PROBLEM TO WORK ON:
Retype the entries exactly. Include every line.

Dataset entries:
Content starts

(* Let $n\ge1$ and $0\le k\le n-1$, and let $(\pi,S)\in\mathcal{B}^{>}_{n-1,k}$. Then (a) $\mathrm{fmaj}(\phi^{|}_{n,k}(i,(\pi,S)))=\mathrm{fmaj}((\pi,S))+2i$ for every $i\in\{0,1,\dots,n-k-1\}$; (b) $\mathrm{fmaj}(\phi^{|}_{\overline{n},k}(i,(\pi,S)))=\mathrm{fmaj}((\pi,S))+2i-1$ for every $i\in\{1,\dots,n-k-1\}$; (c) $\mathrm{fmaj}(\phi^{|}_{\overline{n},k}(0,(\pi,S)))=\mathrm{fmaj}((\pi,S))+2n-2k-1$.
   Context: $\mathcal{B}_m$ is the group of signed permutations of $[m]$ (bijections $\pi$ of $\{\pm1,\dots,\pm m\}$ with $\pi(-i)=-\pi(i)$, written $\pi=\pi_1\cdots\pi_m$), integers ordered naturally, $\overline{x}=-x$. Set $\pi_0=0$; $\mathrm{Des}_B(\pi)=\{i\in\{0,\dots,m-1\}:\pi_i>\pi_{i+1}\}$, $\mathrm{neg}(\pi)=|\{i:\pi_i<0\}|$, $\mathrm{fmaj}(\pi)=\sum_{i\in\mathrm{Des}_B(\pi)}2i+\mathrm{neg}(\pi)$. Let $\mathcal{B}^{>}_{m,k}=\{(\pi,S):\pi\in\mathcal{B}_m,\ S\subseteq\mathrm{Des}_B(\pi),\ |S|=k\}$ and for $(\pi,S)\in\mathcal{B}^{>}_{m,k}$, $\mathrm{fmaj}((\pi,S))=\mathrm{fmaj}(\pi)-\sum_{j\in S}\bigl(2|\mathrm{Des}_B(\pi)\cap\{j,\dots,m-1\}|-1\bigr)$. Positions: for $p\in\{0,1,\dots,m\}$, position $p$ of $\pi$ is the space immediately after $\pi_p$ (position $0$ is before $\pi_1$, position $m$ is at the end). The fmaj-labelling of $(\pi,S)\in\mathcal{B}^{>}_{m,k}$ labels the positions not in $S$ as follows: position $m$ gets label $0$; the positions in $\mathrm{Des}_B(\pi)\setminus S$ get labels $1,2,\dots$ in order from right to left (decreasing position); the remaining unlabelled positions in $\{0,\dots,m-1\}\setminus\mathrm{Des}_B(\pi)$ get the next consecutive labels in order from left to right. Thus the labels are $0,1,\dots,m-k$. Insertion: for $\alpha\in\{n,\overline{n}\}$ and $(\pi,S)\in\mathcal{B}^{>}_{n-1,k}$ and a label $i$, let $p$ be the position of $(\pi,S)$ with label $i$, and let $\tau=\pi_1\cdots\pi_p\,\alpha\,\pi_{p+1}\cdots\pi_{n-1}\in\mathcal{B}_n$. Starred positions $j\in S$ with $j<p$ remain starred at $j$; each starred position $j\in S$ with $j>p$ (which corresponds to the descent $j+1$ of $\tau$) is moved one descent to the left, i.e. replaced by the largest element of $\mathrm{Des}_B(\tau)$ smaller than $j+1$. Let $T$ be the resulting set of starred positions. Define $\phi^{|}_{\alpha,k}(i,(\pi,S))=(\tau,T)$, a map $\{0,1,\dots,n-k-1\}\times\mathcal{B}^{>}_{n-1,k}\to\mathcal{B}^{>}_{n,k}$. *)

theory Defs
  imports Main
begin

Content ends

EXPECTED ANSWER:
(* Let $n\ge1$ and $0\le k\le n-1$, and let $(\pi,S)\in\mathcal{B}^{>}_{n-1,k}$. Then (a) $\mathrm{fmaj}(\phi^{|}_{n,k}(i,(\pi,S)))=\mathrm{fmaj}((\pi,S))+2i$ for every $i\in\{0,1,\dots,n-k-1\}$; (b) $\mathrm{fmaj}(\phi^{|}_{\overline{n},k}(i,(\pi,S)))=\mathrm{fmaj}((\pi,S))+2i-1$ for every $i\in\{1,\dots,n-k-1\}$; (c) $\mathrm{fmaj}(\phi^{|}_{\overline{n},k}(0,(\pi,S)))=\mathrm{fmaj}((\pi,S))+2n-2k-1$.
   Context: $\mathcal{B}_m$ is the group of signed permutations of $[m]$ (bijections $\pi$ of $\{\pm1,\dots,\pm m\}$ with $\pi(-i)=-\pi(i)$, written $\pi=\pi_1\cdots\pi_m$), integers ordered naturally, $\overline{x}=-x$. Set $\pi_0=0$; $\mathrm{Des}_B(\pi)=\{i\in\{0,\dots,m-1\}:\pi_i>\pi_{i+1}\}$, $\mathrm{neg}(\pi)=|\{i:\pi_i<0\}|$, $\mathrm{fmaj}(\pi)=\sum_{i\in\mathrm{Des}_B(\pi)}2i+\mathrm{neg}(\pi)$. Let $\mathcal{B}^{>}_{m,k}=\{(\pi,S):\pi\in\mathcal{B}_m,\ S\subseteq\mathrm{Des}_B(\pi),\ |S|=k\}$ and for $(\pi,S)\in\mathcal{B}^{>}_{m,k}$, $\mathrm{fmaj}((\pi,S))=\mathrm{fmaj}(\pi)-\sum_{j\in S}\bigl(2|\mathrm{Des}_B(\pi)\cap\{j,\dots,m-1\}|-1\bigr)$. Positions: for $p\in\{0,1,\dots,m\}$, position $p$ of $\pi$ is the space immediately after $\pi_p$ (position $0$ is before $\pi_1$, position $m$ is at the end). The fmaj-labelling of $(\pi,S)\in\mathcal{B}^{>}_{m,k}$ labels the positions not in $S$ as follows: position $m$ gets label $0$; the positions in $\mathrm{Des}_B(\pi)\setminus S$ get labels $1,2,\dots$ in order from right to left (decreasing position); the remaining unlabelled positions in $\{0,\dots,m-1\}\setminus\mathrm{Des}_B(\pi)$ get the next consecutive labels in order from left to right. Thus the labels are $0,1,\dots,m-k$. Insertion: for $\alpha\in\{n,\overline{n}\}$ and $(\pi,S)\in\mathcal{B}^{>}_{n-1,k}$ and a label $i$, let $p$ be the position of $(\pi,S)$ with label $i$, and let $\tau=\pi_1\cdots\pi_p\,\alpha\,\pi_{p+1}\cdots\pi_{n-1}\in\mathcal{B}_n$. Starred positions $j\in S$ with $j<p$ remain starred at $j$; each starred position $j\in S$ with $j>p$ (which corresponds to the descent $j+1$ of $\tau$) is moved one descent to the left, i.e. replaced by the largest element of $\mathrm{Des}_B(\tau)$ smaller than $j+1$. Let $T$ be the resulting set of starred positions. Define $\phi^{|}_{\alpha,k}(i,(\pi,S))=(\tau,T)$, a map $\{0,1,\dots,n-k-1\}\times\mathcal{B}^{>}_{n-1,k}\to\mathcal{B}^{>}_{n,k}$. *)

theory Defs
  imports Main
begin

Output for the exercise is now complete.